More antisemitic incidents were reported in 2021 than in any other year since the Anti-Defamation League began tracking them in 1979.


What You Need To Know

  • More antisemitic incidents were reported in 2021 than in any other year since the Anti-Defamation League began tracking them in 1979

  • The ADL released its annual Audit of Antisemitic Incidents on Tuesday, which found there were 2,717 incidents of assault, harassment and vandalism reported to the organization last year

  • There were new highs in virtually every category the report tracks

  • The report linked a surge in antisemitic incidents to the May 2021 conflict between Israel and Hamas

The ADL released its annual Audit of Antisemitic Incidents on Tuesday, which found there were 2,717 incidents of assault, harassment and vandalism reported to the organization last year. That is 34% higher than in 2020 and shatters the previous high watermark of 2,107 in 2019.

There were new highs in virtually every category the report tracks. Attacks against Jewish institutions, including synagogues and community centers, increased 61%, incidents at K-12 schools were up 106%, and incidents on college campuses were 21% higher compared to a year earlier.

Assaults increased 167%, up from 33 in 2020 to 88 last year. They included more than a dozen in which people were “beaten and brutalized in broad daylight without any provocation, attacked for the crime of wearing a kippah,” Jonathan Greenblatt, the Anti-Defamation League’s CEO and national director, said in a Zoom call. 

There were 43% more incidents of harassment, and vandalism rose 14%, according to the report. 

The report linked a surge in antisemitic incidents to the May 2021 conflict between Israel and Hamas. There were 387 incidents that month, a 148% year-over-year increase. 

“What’s notable is that we have had acts of terror in the Middle East, conflict that has often sparked some antisemitism, but never quite like this — raw, relentless violence and harassment targeting Jews,” Greenblatt said.

“When Jews are being attacked, when synagogues are being vandalized, when Jewish communal offices are being targeted because people are upset about the politics overseas, I’m sorry, that’s antisemitism,” he added. “And it is as wrong as targeting Asian American people because you’re upset about what’s happening in China or targeting people who are Latino in this country cause you’re upset about what’s happening at the border. It is despicable and disgraceful that it happens.”
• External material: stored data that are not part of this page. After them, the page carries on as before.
(* Let $\mathsf V$ be a quantale, $X=(X,a)$ a $\mathsf V$-category, $s=(x_n)_{n\in\mathbb N}$ a sequence in $X$ and $x\in X$. Then $$\bigvee_{N\in\mathbb N}\bigwedge_{n\ge N}a(x_n,x)\ \ge\ \mathrm{Cauchy}(s)\otimes\bigwedge_{N\in\mathbb N}\bigvee_{n\ge N}a(x_n,x).$$
   Context: A quantale $(\mathsf V,\otimes,k)$ is a complete anti-symmetric lattice with an associative, commutative operation $\otimes$ with neutral element $k$ distributing over arbitrary suprema. A $\mathsf V$-category $(X,a)$ is a set with $a:X\times X\to\mathsf V$ such that $k\le a(x,x)$ and $a(x,y)\otimes a(y,z)\le a(x,z)$. For a sequence $s=(x_n)$, $\mathrm{Cauchy}(s)=\bigvee_{N}\bigwedge_{n,m\ge N}a(x_n,x_m)$. *)

theory Defs
  imports Main
begin

definition quantale :: "('v::complete_lattice \<Rightarrow> 'v \<Rightarrow> 'v) \<Rightarrow> 'v \<Rightarrow> bool" where
  "quantale tensor k \<longleftrightarrow>
     (\<forall>u v w. tensor (tensor u v) w = tensor u (tensor v w)) \<and>
     (\<forall>u v. tensor u v = tensor v u) \<and>
     (\<forall>u. tensor k u = u) \<and>
     (\<forall>u S. tensor u (Sup S) = (SUP v\<in>S. tensor u v))"

definition V_category :: "('v::complete_lattice \<Rightarrow> 'v \<Rightarrow> 'v) \<Rightarrow> 'v \<Rightarrow> ('x \<Rightarrow> 'x \<Rightarrow> 'v) \<Rightarrow> bool" where
  "V_category tensor k a \<longleftrightarrow>
     (\<forall>x. k \<le> a x x) \<and> (\<forall>x y z. tensor (a x y) (a y z) \<le> a x z)"

definition Cauchy :: "('x \<Rightarrow> 'x \<Rightarrow> 'v::complete_lattice) \<Rightarrow> (nat \<Rightarrow> 'x) \<Rightarrow> 'v" where
  "Cauchy a s = (SUP N. INF p\<in>{(n,m). n \<ge> N \<and> m \<ge> N}. a (s (fst p)) (s (snd p)))"

end

theory Submission
  imports Defs
begin

text \<open>Let \<open>C N\<close> be the infimum of \<open>a(x\<^sub>n, x\<^sub>m)\<close> over \<open>n, m \<ge> N\<close>, so that
  \<open>Cauchy(s)\<close> is the supremum of the \<open>C N\<close>. For \<open>m, n \<ge> N\<close> transitivity gives
  \<open>C N \<otimes> a(x\<^sub>n, x) \<le> a(x\<^sub>m, x\<^sub>n) \<otimes> a(x\<^sub>n, x) \<le> a(x\<^sub>m, x)\<close>; since \<open>\<otimes>\<close> preserves
  suprema, \<open>C N\<close> tensored with the tail supremum over \<open>n \<ge> N\<close> lies below the tail
  infimum over \<open>m \<ge> N\<close>. The limit superior is below every tail supremum, so
  distributing \<open>\<otimes>\<close> over the supremum of the \<open>C N\<close> gives the claim.\<close>

lemma quantale_commute: "quantale tensor k \<Longrightarrow> tensor u v = tensor v u"
  unfolding quantale_def by blast

lemma quantale_tensor_SUP:
  "quantale tensor k \<Longrightarrow> tensor u (SUP i\<in>I. f i) = (SUP i\<in>I. tensor u (f i))"
  unfolding quantale_def by (simp add: image_image)

lemma quantale_tensor_mono:
  assumes "quantale tensor k" "u \<le> u'" "v \<le> v'"
  shows "tensor u v \<le> tensor u' v'"
proof -
  have mono_right: "tensor w v \<le> tensor w v'" if "v \<le> v'" for w v v'
  proof -
    have "tensor w v' = tensor w (sup v v')"
      using that by (simp add: sup_absorb2)
    also have "\<dots> = sup (tensor w v) (tensor w v')"
      using quantale_tensor_SUP[OF assms(1), of w "\<lambda>y. y" "{v, v'}"] by simp
    finally show ?thesis by (metis sup.cobounded1)
  qed
  have "tensor u v \<le> tensor u v'" using mono_right assms(3) .
  also have "\<dots> = tensor v' u" using quantale_commute[OF assms(1)] .
  also have "\<dots> \<le> tensor v' u'" using mono_right assms(2) .
  also have "\<dots> = tensor u' v'" using quantale_commute[OF assms(1)] .
  finally show ?thesis .
qed

lemma V_category_trans: "V_category tensor k a \<Longrightarrow> tensor (a x y) (a y z) \<le> a x z"
  unfolding V_category_def by blast

definition Cauchy_stage :: "('x \<Rightarrow> 'x \<Rightarrow> 'v::complete_lattice) \<Rightarrow> (nat \<Rightarrow> 'x) \<Rightarrow> nat \<Rightarrow> 'v" where
  "Cauchy_stage a s N = (INF p\<in>{(n,m). n \<ge> N \<and> m \<ge> N}. a (s (fst p)) (s (snd p)))"

lemma Cauchy_eq_SUP_Cauchy_stage: "Cauchy a s = (SUP N. Cauchy_stage a s N)"
  unfolding Cauchy_def Cauchy_stage_def ..

lemma Cauchy_stage_le: "N \<le> m \<Longrightarrow> N \<le> n \<Longrightarrow> Cauchy_stage a s N \<le> a (s m) (s n)"
  unfolding Cauchy_stage_def by (rule INF_lower2[of "(m, n)"]) auto

lemma Cauchy_stage_tensor_tail_le:
  assumes "quantale tensor k" "V_category tensor k a"
  shows "tensor (Cauchy_stage a s N) (SUP n\<in>{N..}. a (s n) x) \<le> (INF m\<in>{N..}. a (s m) x)"
proof (rule INF_greatest)
  fix m assume "m \<in> {N..}"
  then have "tensor (Cauchy_stage a s N) (a (s n) x) \<le> a (s m) x" if "n \<in> {N..}" for n
    using that quantale_tensor_mono[OF assms(1) Cauchy_stage_le order_refl]
      V_category_trans[OF assms(2)] by (meson atLeast_iff order_trans)
  then show "tensor (Cauchy_stage a s N) (SUP n\<in>{N..}. a (s n) x) \<le> a (s m) x"
    unfolding quantale_tensor_SUP[OF assms(1)] by (rule SUP_least) simp
qed

theorem lemma3p11:
  fixes tensor :: "'v::complete_lattice \<Rightarrow> 'v \<Rightarrow> 'v" and k :: 'v
    and a :: "'x \<Rightarrow> 'x \<Rightarrow> 'v" and s :: "nat \<Rightarrow> 'x" and x :: 'x
  assumes "quantale tensor k"
    and "V_category tensor k a"
  shows "tensor (Cauchy a s) (INF N. SUP n\<in>{N..}. a (s n) x)
           \<le> (SUP N. INF n\<in>{N..}. a (s n) x)"
proof -
  let ?limsup = "INF N. SUP n\<in>{N..}. a (s n) x"
  have "tensor (Cauchy a s) ?limsup = tensor ?limsup (SUP N. Cauchy_stage a s N)"
    by (simp add: Cauchy_eq_SUP_Cauchy_stage quantale_commute[OF assms(1)])
  also have "\<dots> = (SUP N. tensor ?limsup (Cauchy_stage a s N))"
    by (rule quantale_tensor_SUP[OF assms(1)])
  also have "\<dots> = (SUP N. tensor (Cauchy_stage a s N) ?limsup)"
    by (simp only: quantale_commute[OF assms(1), of ?limsup])
  also have "\<dots> \<le> (SUP N. tensor (Cauchy_stage a s N) (SUP n\<in>{N..}. a (s n) x))"
    by (intro SUP_mono' quantale_tensor_mono[OF assms(1)] order_refl INF_lower) simp
  also have "\<dots> \<le> (SUP N. INF n\<in>{N..}. a (s n) x)"
    by (intro SUP_mono' Cauchy_stage_tensor_tail_le[OF assms])
  finally show ?thesis .
qed

end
But the report also said there were spikes in November and December that could not be linked to a triggering factor. 

Greenblatt said no single ideology could be blamed for antisemitic activity in the United States, but he added that at least 484 incidents were attributable to known extremist groups or individuals inspired by extremist ideology — an 18% increase from 2020. Nearly 90% of those incidents involved written propaganda in forms such as fliers, banners and stickers. 

Some extremists live-streamed their activity while soliciting donations through cryptocurrency, said Oren Segal, vice president of the ADL’s Center on Extremism.

The states with the most antisemitic incidents were New York (416), New Jersey (370), California (370), Florida (190), Michigan (112) and Texas (112). Those six states accounted for 58% of all reported events. 

To tackle the problem, Greenblatt called for a series of steps: 

  • State and federal leaders providing more security at synagogues, schools and community services and additional funding for nonprofit security grants.

  • Law enforcement officers receiving enhanced training for responding to and preventing hate crimes.

  • People in positions of authority — elected officials, business and religious leaders, college presidents and others — speaking out
    “swiftly and sharply and without hesitation” against antisemitism.

  • Schools introducing “antibias, antihate, Holocaust education content to their students so we can inoculate our kids before intolerance takes hold.”